WORK ITEM
Would you copy each line of the records that includes the word "origin"?

Records from a data collection
____
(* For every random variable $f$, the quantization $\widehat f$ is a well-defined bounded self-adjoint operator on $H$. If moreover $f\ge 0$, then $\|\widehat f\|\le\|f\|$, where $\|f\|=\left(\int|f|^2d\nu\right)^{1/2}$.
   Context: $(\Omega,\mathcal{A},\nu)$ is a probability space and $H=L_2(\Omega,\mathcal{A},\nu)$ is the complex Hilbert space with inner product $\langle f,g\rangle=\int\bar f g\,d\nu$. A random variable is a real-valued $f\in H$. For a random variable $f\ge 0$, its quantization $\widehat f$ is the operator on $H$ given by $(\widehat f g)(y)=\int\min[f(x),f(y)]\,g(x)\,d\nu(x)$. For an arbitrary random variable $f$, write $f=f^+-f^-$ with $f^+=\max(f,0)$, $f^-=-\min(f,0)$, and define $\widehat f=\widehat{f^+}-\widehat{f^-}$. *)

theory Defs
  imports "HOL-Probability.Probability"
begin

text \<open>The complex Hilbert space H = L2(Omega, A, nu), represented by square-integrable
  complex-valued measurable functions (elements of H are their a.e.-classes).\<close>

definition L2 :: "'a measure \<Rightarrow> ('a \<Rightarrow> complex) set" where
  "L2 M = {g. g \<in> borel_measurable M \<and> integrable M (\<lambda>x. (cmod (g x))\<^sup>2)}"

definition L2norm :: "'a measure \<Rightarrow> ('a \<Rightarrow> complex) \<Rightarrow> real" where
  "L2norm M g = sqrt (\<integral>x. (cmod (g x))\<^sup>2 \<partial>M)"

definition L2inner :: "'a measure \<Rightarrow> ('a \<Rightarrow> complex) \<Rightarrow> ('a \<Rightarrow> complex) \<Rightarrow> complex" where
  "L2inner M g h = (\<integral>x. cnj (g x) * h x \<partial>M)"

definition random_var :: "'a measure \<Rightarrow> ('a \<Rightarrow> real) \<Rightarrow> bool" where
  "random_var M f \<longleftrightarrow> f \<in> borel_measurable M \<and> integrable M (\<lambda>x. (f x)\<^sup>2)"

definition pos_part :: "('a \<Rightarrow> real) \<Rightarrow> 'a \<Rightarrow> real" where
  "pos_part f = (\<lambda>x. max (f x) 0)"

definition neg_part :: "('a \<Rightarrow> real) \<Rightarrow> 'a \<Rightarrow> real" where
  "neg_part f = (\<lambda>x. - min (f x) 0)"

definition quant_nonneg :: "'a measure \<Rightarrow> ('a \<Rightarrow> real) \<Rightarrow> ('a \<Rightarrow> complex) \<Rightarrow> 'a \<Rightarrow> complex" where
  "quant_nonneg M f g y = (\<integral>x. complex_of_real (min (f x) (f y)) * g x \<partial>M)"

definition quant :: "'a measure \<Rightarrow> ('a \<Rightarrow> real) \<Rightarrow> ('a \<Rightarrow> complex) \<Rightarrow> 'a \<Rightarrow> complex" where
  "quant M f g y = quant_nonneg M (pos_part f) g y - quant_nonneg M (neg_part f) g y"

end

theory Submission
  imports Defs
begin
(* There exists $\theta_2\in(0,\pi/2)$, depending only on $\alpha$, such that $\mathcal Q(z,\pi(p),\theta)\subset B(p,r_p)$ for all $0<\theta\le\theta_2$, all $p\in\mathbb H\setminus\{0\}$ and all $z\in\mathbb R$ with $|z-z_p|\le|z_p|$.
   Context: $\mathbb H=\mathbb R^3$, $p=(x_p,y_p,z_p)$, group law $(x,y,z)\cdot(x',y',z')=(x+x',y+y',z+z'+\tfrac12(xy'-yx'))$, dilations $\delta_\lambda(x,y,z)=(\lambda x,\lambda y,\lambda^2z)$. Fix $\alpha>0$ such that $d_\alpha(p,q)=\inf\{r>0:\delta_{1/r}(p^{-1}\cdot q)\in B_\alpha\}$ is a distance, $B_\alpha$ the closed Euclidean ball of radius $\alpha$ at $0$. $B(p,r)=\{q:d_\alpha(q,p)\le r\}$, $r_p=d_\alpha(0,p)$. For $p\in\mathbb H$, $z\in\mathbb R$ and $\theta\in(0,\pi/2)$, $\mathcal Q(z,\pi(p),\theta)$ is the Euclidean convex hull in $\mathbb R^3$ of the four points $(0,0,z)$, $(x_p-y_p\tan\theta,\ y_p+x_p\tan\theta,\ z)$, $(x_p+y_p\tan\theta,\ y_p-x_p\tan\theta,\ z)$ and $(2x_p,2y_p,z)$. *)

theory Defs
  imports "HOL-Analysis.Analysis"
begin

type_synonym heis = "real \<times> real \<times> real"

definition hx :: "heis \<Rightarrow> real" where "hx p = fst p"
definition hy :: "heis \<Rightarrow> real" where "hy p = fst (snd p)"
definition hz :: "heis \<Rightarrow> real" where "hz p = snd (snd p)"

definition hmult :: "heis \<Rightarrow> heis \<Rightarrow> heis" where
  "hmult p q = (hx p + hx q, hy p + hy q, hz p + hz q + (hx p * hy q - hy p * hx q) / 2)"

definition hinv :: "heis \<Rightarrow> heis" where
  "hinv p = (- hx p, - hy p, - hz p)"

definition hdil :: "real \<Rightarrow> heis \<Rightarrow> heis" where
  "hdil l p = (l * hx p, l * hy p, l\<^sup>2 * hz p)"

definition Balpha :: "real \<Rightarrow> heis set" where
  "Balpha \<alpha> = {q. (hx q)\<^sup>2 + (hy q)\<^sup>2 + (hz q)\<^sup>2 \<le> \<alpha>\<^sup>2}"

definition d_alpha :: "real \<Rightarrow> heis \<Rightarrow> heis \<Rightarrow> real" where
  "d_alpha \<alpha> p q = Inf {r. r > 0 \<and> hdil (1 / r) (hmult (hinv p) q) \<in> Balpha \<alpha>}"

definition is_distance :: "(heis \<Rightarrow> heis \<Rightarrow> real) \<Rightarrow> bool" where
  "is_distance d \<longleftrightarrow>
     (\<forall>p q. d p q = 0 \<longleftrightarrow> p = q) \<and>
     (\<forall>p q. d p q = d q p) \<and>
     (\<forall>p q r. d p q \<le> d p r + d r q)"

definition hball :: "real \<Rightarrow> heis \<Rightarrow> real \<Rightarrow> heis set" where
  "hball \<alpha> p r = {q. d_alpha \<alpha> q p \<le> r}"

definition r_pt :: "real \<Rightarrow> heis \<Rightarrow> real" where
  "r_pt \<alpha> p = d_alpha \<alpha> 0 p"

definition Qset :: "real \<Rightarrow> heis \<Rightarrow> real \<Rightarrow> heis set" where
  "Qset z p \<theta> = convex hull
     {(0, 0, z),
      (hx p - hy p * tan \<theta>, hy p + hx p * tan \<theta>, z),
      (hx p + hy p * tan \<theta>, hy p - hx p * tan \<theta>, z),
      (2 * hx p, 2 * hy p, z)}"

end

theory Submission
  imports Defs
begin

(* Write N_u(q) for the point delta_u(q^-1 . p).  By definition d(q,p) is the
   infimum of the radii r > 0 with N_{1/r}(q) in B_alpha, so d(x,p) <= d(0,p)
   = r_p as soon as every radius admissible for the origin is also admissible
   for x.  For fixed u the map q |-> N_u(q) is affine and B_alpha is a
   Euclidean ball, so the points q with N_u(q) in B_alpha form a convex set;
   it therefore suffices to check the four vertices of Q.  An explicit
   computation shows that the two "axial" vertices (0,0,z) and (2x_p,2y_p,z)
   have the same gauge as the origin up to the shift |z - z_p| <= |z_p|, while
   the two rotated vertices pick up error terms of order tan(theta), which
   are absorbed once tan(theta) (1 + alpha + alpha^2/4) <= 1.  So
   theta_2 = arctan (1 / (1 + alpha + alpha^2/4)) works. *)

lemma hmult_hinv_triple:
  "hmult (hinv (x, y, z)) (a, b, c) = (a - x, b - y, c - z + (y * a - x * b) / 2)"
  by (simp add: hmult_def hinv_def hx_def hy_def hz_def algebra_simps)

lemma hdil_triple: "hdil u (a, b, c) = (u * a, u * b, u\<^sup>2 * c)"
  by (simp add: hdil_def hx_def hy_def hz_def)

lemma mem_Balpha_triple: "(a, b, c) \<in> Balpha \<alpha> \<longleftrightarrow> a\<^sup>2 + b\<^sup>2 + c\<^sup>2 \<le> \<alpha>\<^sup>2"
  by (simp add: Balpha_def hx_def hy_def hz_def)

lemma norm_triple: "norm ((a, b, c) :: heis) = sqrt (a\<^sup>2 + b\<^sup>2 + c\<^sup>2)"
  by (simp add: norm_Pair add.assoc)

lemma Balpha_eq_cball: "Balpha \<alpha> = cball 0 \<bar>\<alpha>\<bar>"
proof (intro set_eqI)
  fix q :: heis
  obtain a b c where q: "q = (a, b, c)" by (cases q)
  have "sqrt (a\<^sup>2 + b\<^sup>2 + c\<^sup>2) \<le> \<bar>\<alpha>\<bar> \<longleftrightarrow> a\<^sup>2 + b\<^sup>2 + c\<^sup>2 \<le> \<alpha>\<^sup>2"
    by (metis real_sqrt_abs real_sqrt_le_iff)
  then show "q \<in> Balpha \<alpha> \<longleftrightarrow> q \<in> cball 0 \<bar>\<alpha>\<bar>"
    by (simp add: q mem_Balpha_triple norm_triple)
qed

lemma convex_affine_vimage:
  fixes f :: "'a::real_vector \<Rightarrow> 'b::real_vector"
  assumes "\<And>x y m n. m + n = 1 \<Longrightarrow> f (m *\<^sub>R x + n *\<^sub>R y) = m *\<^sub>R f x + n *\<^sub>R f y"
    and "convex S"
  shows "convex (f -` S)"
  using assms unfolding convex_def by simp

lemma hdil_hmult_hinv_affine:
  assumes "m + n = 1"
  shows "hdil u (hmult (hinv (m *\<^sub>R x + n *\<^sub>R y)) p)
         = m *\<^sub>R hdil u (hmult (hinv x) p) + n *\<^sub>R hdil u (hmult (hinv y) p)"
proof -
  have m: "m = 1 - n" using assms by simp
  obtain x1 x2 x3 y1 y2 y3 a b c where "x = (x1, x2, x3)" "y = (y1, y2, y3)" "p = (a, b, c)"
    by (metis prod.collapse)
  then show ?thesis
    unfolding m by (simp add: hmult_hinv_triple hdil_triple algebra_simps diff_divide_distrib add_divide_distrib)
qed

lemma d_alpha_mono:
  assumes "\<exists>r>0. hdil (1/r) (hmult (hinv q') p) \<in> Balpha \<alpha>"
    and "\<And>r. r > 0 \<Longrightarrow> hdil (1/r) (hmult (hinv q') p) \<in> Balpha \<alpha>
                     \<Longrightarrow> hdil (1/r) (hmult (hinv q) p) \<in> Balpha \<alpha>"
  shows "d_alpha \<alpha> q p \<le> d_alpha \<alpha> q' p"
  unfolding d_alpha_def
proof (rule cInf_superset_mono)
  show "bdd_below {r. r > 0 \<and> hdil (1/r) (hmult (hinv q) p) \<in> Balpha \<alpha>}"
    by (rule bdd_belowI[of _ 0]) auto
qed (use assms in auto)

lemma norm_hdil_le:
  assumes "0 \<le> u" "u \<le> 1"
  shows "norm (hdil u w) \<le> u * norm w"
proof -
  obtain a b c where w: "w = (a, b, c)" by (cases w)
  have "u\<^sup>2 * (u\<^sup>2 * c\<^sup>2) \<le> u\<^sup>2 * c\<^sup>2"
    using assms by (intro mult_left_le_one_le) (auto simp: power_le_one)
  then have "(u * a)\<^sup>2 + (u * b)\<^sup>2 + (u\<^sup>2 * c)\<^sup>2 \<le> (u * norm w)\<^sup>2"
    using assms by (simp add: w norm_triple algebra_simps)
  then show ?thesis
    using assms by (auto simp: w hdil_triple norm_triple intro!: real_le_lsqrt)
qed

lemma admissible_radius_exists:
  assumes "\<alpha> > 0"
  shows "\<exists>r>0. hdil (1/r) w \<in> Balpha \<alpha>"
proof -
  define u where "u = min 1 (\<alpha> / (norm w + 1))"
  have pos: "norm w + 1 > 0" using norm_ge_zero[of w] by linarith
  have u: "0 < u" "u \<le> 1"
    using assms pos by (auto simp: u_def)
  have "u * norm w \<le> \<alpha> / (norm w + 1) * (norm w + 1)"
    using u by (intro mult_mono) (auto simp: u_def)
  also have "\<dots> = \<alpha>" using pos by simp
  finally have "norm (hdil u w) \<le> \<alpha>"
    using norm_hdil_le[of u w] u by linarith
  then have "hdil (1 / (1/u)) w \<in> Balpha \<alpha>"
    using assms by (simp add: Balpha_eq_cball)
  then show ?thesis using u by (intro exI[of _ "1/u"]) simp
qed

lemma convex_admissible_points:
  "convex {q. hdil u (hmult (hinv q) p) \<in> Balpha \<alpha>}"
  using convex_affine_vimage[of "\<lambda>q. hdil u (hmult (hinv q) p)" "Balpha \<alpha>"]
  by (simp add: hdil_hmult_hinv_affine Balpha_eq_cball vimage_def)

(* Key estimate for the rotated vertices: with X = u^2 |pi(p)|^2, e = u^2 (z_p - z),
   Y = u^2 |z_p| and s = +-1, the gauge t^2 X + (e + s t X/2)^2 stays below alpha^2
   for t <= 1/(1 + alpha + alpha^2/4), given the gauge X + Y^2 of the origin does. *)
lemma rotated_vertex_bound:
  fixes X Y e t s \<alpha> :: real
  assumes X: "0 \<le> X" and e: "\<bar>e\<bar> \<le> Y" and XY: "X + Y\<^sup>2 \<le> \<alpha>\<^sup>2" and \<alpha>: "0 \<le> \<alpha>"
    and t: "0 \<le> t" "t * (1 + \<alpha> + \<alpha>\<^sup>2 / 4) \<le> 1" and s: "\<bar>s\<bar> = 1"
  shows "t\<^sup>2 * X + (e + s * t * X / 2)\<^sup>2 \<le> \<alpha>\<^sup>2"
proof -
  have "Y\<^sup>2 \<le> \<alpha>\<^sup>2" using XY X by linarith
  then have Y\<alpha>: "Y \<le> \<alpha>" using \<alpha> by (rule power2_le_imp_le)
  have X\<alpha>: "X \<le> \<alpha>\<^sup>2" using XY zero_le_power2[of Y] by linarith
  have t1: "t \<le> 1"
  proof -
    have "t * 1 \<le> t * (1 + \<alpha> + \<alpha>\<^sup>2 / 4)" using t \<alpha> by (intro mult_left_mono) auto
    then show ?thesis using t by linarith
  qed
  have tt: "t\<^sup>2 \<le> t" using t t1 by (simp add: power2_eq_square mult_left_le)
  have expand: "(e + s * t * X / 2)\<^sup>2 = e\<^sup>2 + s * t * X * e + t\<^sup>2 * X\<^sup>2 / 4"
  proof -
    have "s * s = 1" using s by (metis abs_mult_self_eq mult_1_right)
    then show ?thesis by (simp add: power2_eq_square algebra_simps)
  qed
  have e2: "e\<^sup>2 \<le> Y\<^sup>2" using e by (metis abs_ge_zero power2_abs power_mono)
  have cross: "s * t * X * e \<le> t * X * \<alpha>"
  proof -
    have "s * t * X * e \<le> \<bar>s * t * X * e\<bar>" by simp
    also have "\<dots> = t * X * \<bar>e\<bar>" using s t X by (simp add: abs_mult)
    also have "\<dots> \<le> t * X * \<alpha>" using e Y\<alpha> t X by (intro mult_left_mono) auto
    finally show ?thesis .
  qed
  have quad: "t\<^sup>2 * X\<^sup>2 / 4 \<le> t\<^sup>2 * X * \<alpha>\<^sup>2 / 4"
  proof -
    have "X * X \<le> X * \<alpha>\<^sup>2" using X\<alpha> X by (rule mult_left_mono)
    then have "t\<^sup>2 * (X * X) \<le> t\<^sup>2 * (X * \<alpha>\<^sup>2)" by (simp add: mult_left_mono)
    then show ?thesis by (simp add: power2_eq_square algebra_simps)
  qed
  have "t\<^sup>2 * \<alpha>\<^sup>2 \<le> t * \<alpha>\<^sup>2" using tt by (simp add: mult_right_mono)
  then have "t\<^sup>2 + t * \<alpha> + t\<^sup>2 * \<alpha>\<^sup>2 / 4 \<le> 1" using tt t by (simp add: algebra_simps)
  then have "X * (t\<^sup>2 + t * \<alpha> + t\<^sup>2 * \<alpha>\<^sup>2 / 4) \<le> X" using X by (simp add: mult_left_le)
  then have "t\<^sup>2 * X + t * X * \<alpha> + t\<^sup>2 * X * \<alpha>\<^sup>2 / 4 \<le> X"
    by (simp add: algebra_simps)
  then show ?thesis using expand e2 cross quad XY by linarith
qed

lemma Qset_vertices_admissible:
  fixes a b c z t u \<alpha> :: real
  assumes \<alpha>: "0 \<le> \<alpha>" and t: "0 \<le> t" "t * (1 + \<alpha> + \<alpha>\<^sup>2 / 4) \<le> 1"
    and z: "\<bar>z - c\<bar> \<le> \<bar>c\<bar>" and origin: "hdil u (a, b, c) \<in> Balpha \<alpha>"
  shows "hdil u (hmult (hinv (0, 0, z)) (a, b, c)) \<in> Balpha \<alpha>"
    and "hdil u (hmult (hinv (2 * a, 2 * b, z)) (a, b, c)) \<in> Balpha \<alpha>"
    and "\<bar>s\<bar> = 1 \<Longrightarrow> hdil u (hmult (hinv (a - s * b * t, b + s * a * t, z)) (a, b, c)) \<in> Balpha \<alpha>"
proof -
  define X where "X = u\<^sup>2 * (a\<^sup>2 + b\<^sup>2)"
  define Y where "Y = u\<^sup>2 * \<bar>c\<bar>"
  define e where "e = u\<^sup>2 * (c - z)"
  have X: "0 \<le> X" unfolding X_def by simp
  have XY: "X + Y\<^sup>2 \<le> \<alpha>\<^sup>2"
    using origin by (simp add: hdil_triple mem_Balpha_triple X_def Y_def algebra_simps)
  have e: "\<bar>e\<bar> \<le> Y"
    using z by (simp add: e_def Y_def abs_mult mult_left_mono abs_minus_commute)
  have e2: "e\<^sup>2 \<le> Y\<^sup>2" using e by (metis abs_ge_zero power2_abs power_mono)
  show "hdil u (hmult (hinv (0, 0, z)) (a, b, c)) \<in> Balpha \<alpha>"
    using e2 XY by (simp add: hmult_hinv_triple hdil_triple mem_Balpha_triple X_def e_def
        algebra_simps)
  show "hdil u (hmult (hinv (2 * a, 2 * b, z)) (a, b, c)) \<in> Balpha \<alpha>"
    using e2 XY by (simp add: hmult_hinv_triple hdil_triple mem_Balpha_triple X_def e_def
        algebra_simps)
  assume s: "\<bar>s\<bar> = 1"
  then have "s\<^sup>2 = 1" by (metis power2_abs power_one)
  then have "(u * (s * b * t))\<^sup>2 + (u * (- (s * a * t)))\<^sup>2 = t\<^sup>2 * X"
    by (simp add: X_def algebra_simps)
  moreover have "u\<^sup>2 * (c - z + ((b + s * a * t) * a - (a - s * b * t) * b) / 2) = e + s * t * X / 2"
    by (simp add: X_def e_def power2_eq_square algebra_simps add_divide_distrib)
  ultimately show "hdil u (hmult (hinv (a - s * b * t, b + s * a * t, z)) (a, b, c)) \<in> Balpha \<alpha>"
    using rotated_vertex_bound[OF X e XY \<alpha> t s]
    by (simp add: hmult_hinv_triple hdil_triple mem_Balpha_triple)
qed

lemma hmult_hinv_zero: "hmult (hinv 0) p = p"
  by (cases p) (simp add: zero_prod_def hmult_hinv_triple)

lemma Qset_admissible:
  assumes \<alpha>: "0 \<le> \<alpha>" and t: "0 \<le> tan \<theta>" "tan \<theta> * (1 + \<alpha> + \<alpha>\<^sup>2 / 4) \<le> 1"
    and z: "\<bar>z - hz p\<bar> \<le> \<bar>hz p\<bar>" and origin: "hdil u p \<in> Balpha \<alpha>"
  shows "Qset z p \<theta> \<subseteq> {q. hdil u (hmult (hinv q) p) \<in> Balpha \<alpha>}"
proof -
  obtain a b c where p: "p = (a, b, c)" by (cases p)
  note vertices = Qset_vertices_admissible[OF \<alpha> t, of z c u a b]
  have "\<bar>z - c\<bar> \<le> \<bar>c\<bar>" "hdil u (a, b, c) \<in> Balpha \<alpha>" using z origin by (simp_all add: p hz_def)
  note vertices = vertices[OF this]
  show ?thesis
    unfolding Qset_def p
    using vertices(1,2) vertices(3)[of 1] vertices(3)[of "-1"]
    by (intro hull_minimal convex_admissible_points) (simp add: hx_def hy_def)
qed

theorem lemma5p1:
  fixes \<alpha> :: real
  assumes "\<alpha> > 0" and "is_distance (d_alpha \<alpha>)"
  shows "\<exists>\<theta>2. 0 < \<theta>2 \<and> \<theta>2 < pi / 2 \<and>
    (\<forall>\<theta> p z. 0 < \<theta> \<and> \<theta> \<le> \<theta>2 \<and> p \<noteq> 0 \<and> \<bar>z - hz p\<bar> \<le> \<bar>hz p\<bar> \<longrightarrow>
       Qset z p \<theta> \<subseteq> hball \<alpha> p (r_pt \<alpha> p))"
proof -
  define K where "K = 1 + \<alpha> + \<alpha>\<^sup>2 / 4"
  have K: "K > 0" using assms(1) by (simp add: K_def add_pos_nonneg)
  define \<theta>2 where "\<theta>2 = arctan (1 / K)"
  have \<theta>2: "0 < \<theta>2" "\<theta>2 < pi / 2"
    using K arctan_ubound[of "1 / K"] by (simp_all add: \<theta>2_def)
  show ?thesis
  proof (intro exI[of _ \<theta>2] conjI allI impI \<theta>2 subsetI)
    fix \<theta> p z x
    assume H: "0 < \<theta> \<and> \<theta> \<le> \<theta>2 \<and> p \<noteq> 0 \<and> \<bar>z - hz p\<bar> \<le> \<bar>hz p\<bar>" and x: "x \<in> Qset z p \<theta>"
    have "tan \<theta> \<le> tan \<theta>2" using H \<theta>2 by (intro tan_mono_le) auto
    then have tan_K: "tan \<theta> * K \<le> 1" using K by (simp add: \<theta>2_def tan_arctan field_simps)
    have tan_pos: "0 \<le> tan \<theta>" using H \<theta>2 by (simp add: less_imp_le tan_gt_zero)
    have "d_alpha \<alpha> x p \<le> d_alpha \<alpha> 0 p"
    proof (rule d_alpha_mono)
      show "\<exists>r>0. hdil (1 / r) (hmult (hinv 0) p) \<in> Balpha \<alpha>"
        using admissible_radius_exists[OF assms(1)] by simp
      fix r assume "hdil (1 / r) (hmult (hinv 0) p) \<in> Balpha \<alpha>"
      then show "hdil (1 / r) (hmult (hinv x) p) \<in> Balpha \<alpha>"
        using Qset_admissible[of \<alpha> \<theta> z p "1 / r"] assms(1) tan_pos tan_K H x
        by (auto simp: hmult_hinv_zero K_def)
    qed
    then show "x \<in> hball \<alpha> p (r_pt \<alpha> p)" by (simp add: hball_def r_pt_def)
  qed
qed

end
____
ANSWER TO THE PROBLEM
   = r_p as soon as every radius admissible for the origin is also admissible
   have the same gauge as the origin up to the shift |z - z_p| <= |z_p|, while
   for t <= 1/(1 + alpha + alpha^2/4), given the gauge X + Y^2 of the origin does. *)
    and z: "\<bar>z - c\<bar> \<le> \<bar>c\<bar>" and origin: "hdil u (a, b, c) \<in> Balpha \<alpha>"
    using origin by (simp add: hdil_triple mem_Balpha_triple X_def Y_def algebra_simps)
    and z: "\<bar>z - hz p\<bar> \<le> \<bar>hz p\<bar>" and origin: "hdil u p \<in> Balpha \<alpha>"
  have "\<bar>z - c\<bar> \<le> \<bar>c\<bar>" "hdil u (a, b, c) \<in> Balpha \<alpha>" using z origin by (simp_all add: p hz_def)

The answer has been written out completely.